** Supplied entries follows **

lemma sa_det_streak_sa:
  assumes wf: "nba_wf A" and det: "nba_det A" and "nba_init A \<subseteq> nba_acc A \<or> 0 < N"
  shows "sa_det (streak_sa A N)"
proof -
  let ?F = "nba_acc A"
  obtain q0 where q0: "nba_init A = {q0}"
    using det card_1_singletonE unfolding nba_det_def by blast
  with assms(3) have "sa_init (streak_sa A N) = {(q0, streak_step ?F 0 q0)}"
    by (auto simp: streak_sa_def streak_step_def)
  moreover have "card (sa_trans (streak_sa A N) s a) \<le> 1"
    if state: "s \<in> sa_states (streak_sa A N)" for s a
  proof -
    obtain q c where s: "s = (q, c)" and q: "q \<in> nba_states A"
      using state by (auto simp: streak_sa_def)
    have fin: "finite (nba_trans A q a)"
      using wf q unfolding nba_wf_def by (meson finite_subset)
    have "sa_trans (streak_sa A N) s a \<subseteq> (\<lambda>q'. (q', streak_step ?F c q')) ` nba_trans A q a"
      by (auto simp: streak_sa_def s)
    then have "card (sa_trans (streak_sa A N) s a) \<le> card (nba_trans A q a)"
      using fin by (meson card_image_le card_mono finite_imageI order_trans)
    also have "\<dots> \<le> 1"
      using det q unfolding nba_det_def by blast
    finally show ?thesis .
  qed
  ultimately show ?thesis unfolding sa_det_def by simp
qed

section \<open>Renaming the states of a safety automaton\<close>

(* Off the image h ` sa_states B the transitions are junk; no run ever gets there. *)
definition sa_rename :: "('s \<Rightarrow> 't) \<Rightarrow> ('s, 'a) sa \<Rightarrow> ('t, 'a) sa" where
  "sa_rename h B = \<lparr>sa_states = h ` sa_states B, sa_init = h ` sa_init B,
     sa_trans = (\<lambda>p a. h ` sa_trans B (inv_into (sa_states B) h p) a)\<rparr>"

** End of Supplied entries **

■ **Goal of the exercise**
The required answer is the line with "using fin by" plus every line after it to the end of the entries above, transcribed exactly.

■ **Result for this exercise**
      using fin by (meson card_image_le card_mono finite_imageI order_trans)
    also have "\<dots> \<le> 1"
      using det q unfolding nba_det_def by blast
    finally show ?thesis .
  qed
  ultimately show ?thesis unfolding sa_det_def by simp
qed

section \<open>Renaming the states of a safety automaton\<close>

(* Off the image h ` sa_states B the transitions are junk; no run ever gets there. *)
definition sa_rename :: "('s \<Rightarrow> 't) \<Rightarrow> ('s, 'a) sa \<Rightarrow> ('t, 'a) sa" where
  "sa_rename h B = \<lparr>sa_states = h ` sa_states B, sa_init = h ` sa_init B,
     sa_trans = (\<lambda>p a. h ` sa_trans B (inv_into (sa_states B) h p) a)\<rparr>"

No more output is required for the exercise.